Collected data entries

lemma ptrans_waitB_renewal:
  assumes W_pos: "\<And>k w. w \<in> set_pmf (W k) \<Longrightarrow> 0 < w"
    and W_l: "W l = waitB Z q" and q: "q \<in> {0<..1}"
  shows "ptrans H W l j t
       = q * (if t = 0 then of_bool (l = j)
              else measure_pmf.expectation (H l) (\<lambda>l'. ptrans H W l' j (t - 1)))
         + (1 - q) * measure_pmf.expectation Z
              (\<lambda>z. if t \<le> z then of_bool (l = j) else ptrans H W l j (t - z))"
proof -
  let ?K = "compound_geometric_pmf Z q"
  define h where "h u = measure_pmf.expectation (H l) (\<lambda>l'. ptrans H W l' j u)" for u
  \<comment> \<open>\<open>\<psi> (u - k)\<close> is the probability of \<open>Y(u) = j\<close> given that the first waiting time is \<open>k + 1\<close>.\<close>
  define \<psi> where "\<psi> n = (case n of 0 \<Rightarrow> of_bool (l = j) | Suc m \<Rightarrow> h m)" for n
  have \<psi>_bound: "\<bar>\<psi> n\<bar> \<le> 1" for n
    unfolding \<psi>_def h_def
    by (auto split: nat.split intro!: abs_expectation_pmf_le abs_ptrans_le_1)
  have \<psi>_diff: "(if u < Suc k then of_bool (l = j) else h (u - Suc k)) = \<psi> (u - k)" for u k
  proof (cases "u \<le> k")
    case False
    then have "u - k = Suc (u - Suc k)"
      by arith
    with False show ?thesis
      by (simp add: \<psi>_def)
  qed (simp add: \<psi>_def)
  have ptrans_K: "ptrans H W l j u = measure_pmf.expectation ?K (\<lambda>k. \<psi> (u - k))" for u
  proof -
    have "ptrans H W l j u = measure_pmf.expectation (W l) (\<lambda>w. if u < w then of_bool (l = j)
        else measure_pmf.expectation (H l) (\<lambda>l'. ptrans H W l' j (u - w)))"
      by (rule ptrans_renewal[OF W_pos])
    then show ?thesis
      unfolding W_l waitB_eq_map_Suc integral_map_pmf \<psi>_diff[symmetric] h_def .
  qed
  have shift: "measure_pmf.expectation ?K (\<lambda>k. \<psi> (t - (z + k)))
      = (if t \<le> z then of_bool (l = j) else ptrans H W l j (t - z))" for z
  proof (cases "t \<le> z")
    case True
    then show ?thesis
      by (simp add: \<psi>_def)
  next
    case False
    then show ?thesis
      using ptrans_K[of "t - z"] by simp
  qed
  have "ptrans H W l j t = measure_pmf.expectation ?K (\<lambda>k. \<psi> (t - k))"
    by (rule ptrans_K)
  also have "\<dots> = q * \<psi> t + (1 - q) * measure_pmf.expectation Z
      (\<lambda>z. measure_pmf.expectation ?K (\<lambda>k. \<psi> (t - (z + k))))"
    using expectation_compound_geometric_pmf[where f="\<lambda>k. \<psi> (t - k)", OF q \<psi>_bound] by simp
  finally show ?thesis
    unfolding shift by (cases t) (simp_all add: \<psi>_def h_def)
qed
lemma is_prox_of_minimizing_limit:
  assumes g: "\<gamma> > 0" and a_dom: "\<And>k. f (a k) < \<infinity>" and lim: "a \<longlonglongrightarrow> p"
    and m_le: "\<And>y. f y < \<infinity> \<Longrightarrow> m \<le> prox_objective \<gamma> z y"
    and a_min: "(\<lambda>k. prox_objective \<gamma> z (a k)) \<longlonglongrightarrow> m"
  shows "is_prox \<gamma> z p"
proof -
  let ?c = "(m - (norm (z - p))\<^sup>2 / 2) / \<gamma>"
  have "(\<lambda>k. (prox_objective \<gamma> z (a k) - (norm (z - a k))\<^sup>2 / 2) / \<gamma>) \<longlonglongrightarrow> ?c"
    using g by (intro tendsto_intros lim a_min) simp_all
  moreover have "(\<lambda>k. (prox_objective \<gamma> z (a k) - (norm (z - a k))\<^sup>2 / 2) / \<gamma>) = (\<lambda>k. F (a k))"
    using g by (simp add: prox_objective_def fun_eq_iff)
  ultimately have F_lim: "(\<lambda>k. F (a k)) \<longlonglongrightarrow> ?c" by simp
  have fp_le: "f p \<le> ereal c" if "?c < c" for c
  proof (rule lsc_sequentially[OF lim])
    show "\<forall>\<^sub>F k in sequentially. f (a k) \<le> ereal c"
      using order_tendstoD(2)[OF F_lim that]
    proof eventually_elim
      case (elim k)
      obtain r where "f (a k) = ereal r" using finite_valueE[OF a_dom[of k]] .
      with elim show ?case by simp
    qed
  qed
  have "f p \<le> ereal (?c + 1)" by (rule fp_le) simp
  then have fp: "f p < \<infinity>" by (rule le_less_trans) simp
  obtain r where r: "f p = ereal r" using finite_valueE[OF fp] .
  have "F p \<le> ?c" by (rule dense_ge) (use fp_le r in auto)
  then have "prox_objective \<gamma> z p \<le> m" using g by (simp add: prox_objective_def field_simps)
  then show ?thesis using m_le by (intro is_proxI[OF g fp]) (meson order_trans)
qed

(* No compactness is available: the prox objective is 1-strongly convex, so a minimizing sequence is
   Cauchy by the midpoint inequality, and lower semicontinuity carries the infimum to its limit. *)
lemma is_prox_exists:
  assumes g: "\<gamma> > 0"
  shows "\<exists>p. is_prox \<gamma> z p"
proof -
  let ?\<phi> = "prox_objective \<gamma> z"
  define m where "m = Inf (?\<phi> ` {y. f y < \<infinity>})"
  have ne: "?\<phi> ` {y. f y < \<infinity>} \<noteq> {}" using subdiff_nonempty subdiff_dom by blast
  have m_le: "m \<le> ?\<phi> y" if "f y < \<infinity>" for y
    unfolding m_def using that prox_objective_bdd_below[OF g] by (intro cInf_lower) auto
  have "\<exists>y. f y < \<infinity> \<and> ?\<phi> y < m + inverse (real (Suc k))" for k
    using cInf_lessD[OF ne, of "m + inverse (real (Suc k))"] by (auto simp: m_def)
  then obtain a where a_dom: "\<And>k. f (a k) < \<infinity>"
    and a_below: "\<And>k. ?\<phi> (a k) < m + inverse (real (Suc k))"
    by metis
  have "Cauchy a"
  proof (rule minimizing_sequence_Cauchy[where \<phi> = ?\<phi>, OF a_below])
    fix j k
    show "(norm (a j - a k))\<^sup>2 \<le> 4 * (?\<phi> (a j) + ?\<phi> (a k) - 2 * m)"
      using prox_objective_midpoint(2)[OF g a_dom[of j] a_dom[of k], of z]
        m_le[OF prox_objective_midpoint(1)[OF g a_dom[of j] a_dom[of k]]] by argo
  qed
  then obtain p where lim: "a \<longlonglongrightarrow> p" using Cauchy_convergent_iff convergent_def by blast
  have "(\<lambda>k. ?\<phi> (a k)) \<longlonglongrightarrow> m"
    by (rule tendsto_sandwich[OF _ _ tendsto_const LIMSEQ_inverse_real_of_nat_add])
      (use a_below[THEN less_imp_le] in \<open>auto intro!: always_eventually m_le a_dom\<close>)
  then show ?thesis using is_prox_of_minimizing_limit[OF g a_dom lim m_le] by blast
qed

lemma prox_is_prox:
  assumes "\<gamma> > 0"
  shows "is_prox \<gamma> z (prox (\<lambda>u. ereal \<gamma> * f u) z)"
proof -
  obtain p where p: "is_prox \<gamma> z p" using is_prox_exists[OF assms] ..
  have "prox (\<lambda>u. ereal \<gamma> * f u) z = p"
    unfolding prox_def
  proof (rule the_equality)
    show "\<forall>y. ereal \<gamma> * f p + ereal ((norm (z - p))\<^sup>2 / 2) \<le> ereal \<gamma> * f y + ereal ((norm (z - y))\<^sup>2 / 2)"
      using p unfolding is_prox_def .
  qed (use is_prox_unique[OF _ p assms] in \<open>auto simp: is_prox_def\<close>)
  with p show ?thesis by simp
qed
(* Let $q\in(0,1]$. Consider the policy that directly follows the ex ante solution: whenever a task of type $s$ arrives at time $t$, it notifies each volunteer $v$ independently with probability $x^*_{v,s,t}$. On instances of the online volunteer notification problem whose inter-activity time distribution has minimum discrete hazard rate $q$, this policy achieves a competitive ratio of at most $q$; that is, for every $c>q$ there is such an instance $\mathcal{I}$ on which the policy's expected number of completed tasks is less than $c\,\mathbf{LP}_{\mathcal{I}}$.
   Context: Online volunteer notification problem. An instance $\mathcal{I}$ consists of volunteers $[V]$, task types $[S]$, horizon $T$, arrival probabilities $\lambda_{s,t}\ge0$ with $\sum_s\lambda_{s,t}\le1$, match probabilities $p_{v,s}\in[0,1]$, and a probability mass function $g$ on the positive integers with CDF $G(\tau)=\sum_{i\le\tau}g(i)$, $G(0)=0$. In each period $t$ at most one task arrives, of type $s$ with probability $\lambda_{s,t}$, independently across periods. All volunteers start active. Upon an arrival the platform notifies a subset of volunteers; each notified active volunteer $v$ responds positively independently with probability $p_{v,s}$; the task is completed iff at least one does. A volunteer active and notified at time $t$ becomes inactive (regardless of response) and active again at $t+Z$, $Z\sim g$ independent; inactive volunteers ignore notifications and are unaffected by them. MDHR: $q=\min_{\tau\in\mathbb{N}}\frac{g(\tau)}{1-G(\tau-1)}$ (with $\frac00:=1$). $\mathcal{P}$: set of $\mathbf{x}$ with $0\le x_{v,s,t}\le1$ and $\sum_{\tau=1}^t\sum_s\lambda_{s,\tau}x_{v,s,\tau}(1-G(t-\tau))\le1$ for all $v,t$; $\mathbf{LP}_{\mathcal{I}}=\max_{\mathbf{x}\in\mathcal{P}}\sum_{t,s}\lambda_{s,t}\min\{\sum_vx_{v,s,t}p_{v,s},1\}$. Ex ante solution: $f(\mathbf{x})=\sum_{t,s}\lambda_{s,t}(1-\prod_v(1-x_{v,s,t}p_{v,s}))$; $\mathbf{x}^*_{LP}$ optimal for $\mathbf{LP}_{\mathcal{I}}$; $\mathbf{x}^*_{AA}$ output of: $\mathbf{x}^0=\mathbf{0}$, for $i=1..m$ ($m\in\mathbb{N}$) $\mathbf{y}^i\in\arg\max_{\mathbf{x}\in\mathcal{P}}\langle\mathbf{x},\nabla f(\mathbf{x}^{i-1})\rangle$, $\mathbf{x}^i=\mathbf{x}^{i-1}+\mathbf{y}^i/m$, output $\mathbf{x}^m$; $\mathbf{x}^*_{SQ}$ built for $v=1..V$ in order, $(x^{SQ}_{v,s,t})_{s,t}$ optimal for $\max\sum_{t,s}\lambda_{s,t}\prod_{u<v}(1-p_{u,s}x^{SQ}_{u,s,t})p_{v,s}x_{v,s,t}$ s.t. $0\le x_{v,s,t}\le1$ and $\sum_{\tau\le t}\sum_s\lambda_{s,\tau}x_{v,s,\tau}(1-G(t-\tau))\le1$ for all $t$; $\mathbf{x}^*\in\arg\max_{\mathbf{x}\in\{\mathbf{x}^*_{LP},\mathbf{x}^*_{AA},\mathbf{x}^*_{SQ}\}}f(\mathbf{x})$. *)

theory Defs
  imports "HOL-Probability.Probability" "HOL-Probability.Product_PMF"
begin

text \<open>Volunteers are 0..<V, task types 0..<S, periods 1..T.
  lam s t = arrival probability of type s at period t;
  p v s = match probability; g = inter-activity pmf on the positive integers
  (pmf g 0 = 0).\<close>

definition valid_instance ::
  "nat \<Rightarrow> nat \<Rightarrow> nat \<Rightarrow> (nat \<Rightarrow> nat \<Rightarrow> real) \<Rightarrow> (nat \<Rightarrow> nat \<Rightarrow> real) \<Rightarrow> nat pmf \<Rightarrow> bool" where
  "valid_instance V S T lam p g \<longleftrightarrow>
     (\<forall>s<S. \<forall>t\<in>{1..T}. 0 \<le> lam s t) \<and>
     (\<forall>t\<in>{1..T}. (\<Sum>s<S. lam s t) \<le> 1) \<and>
     (\<forall>v<V. \<forall>s<S. 0 \<le> p v s \<and> p v s \<le> 1) \<and>
     pmf g 0 = 0"

definition cdfG :: "nat pmf \<Rightarrow> nat \<Rightarrow> real" where
  "cdfG g \<tau> = (\<Sum>i\<le>\<tau>. pmf g i)"

definition hazard :: "nat pmf \<Rightarrow> nat \<Rightarrow> real" where
  "hazard g \<tau> = (if 1 - cdfG g (\<tau> - 1) = 0 \<and> pmf g \<tau> = 0 then 1
                  else pmf g \<tau> / (1 - cdfG g (\<tau> - 1)))"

• [Task brief]
Word for word, restate the lines of the data above that fall between the line holding "text \<open>Volunteers are" and the line holding "nat \<Rightarrow> (nat", inclusive, and no other lines.

• [Response]
text \<open>Volunteers are 0..<V, task types 0..<S, periods 1..T.
  lam s t = arrival probability of type s at period t;
  p v s = match probability; g = inter-activity pmf on the positive integers
  (pmf g 0 = 0).\<close>

definition valid_instance ::
  "nat \<Rightarrow> nat \<Rightarrow> nat \<Rightarrow> (nat \<Rightarrow> nat \<Rightarrow> real) \<Rightarrow> (nat \<Rightarrow> nat \<Rightarrow> real) \<Rightarrow> nat pmf \<Rightarrow> bool" where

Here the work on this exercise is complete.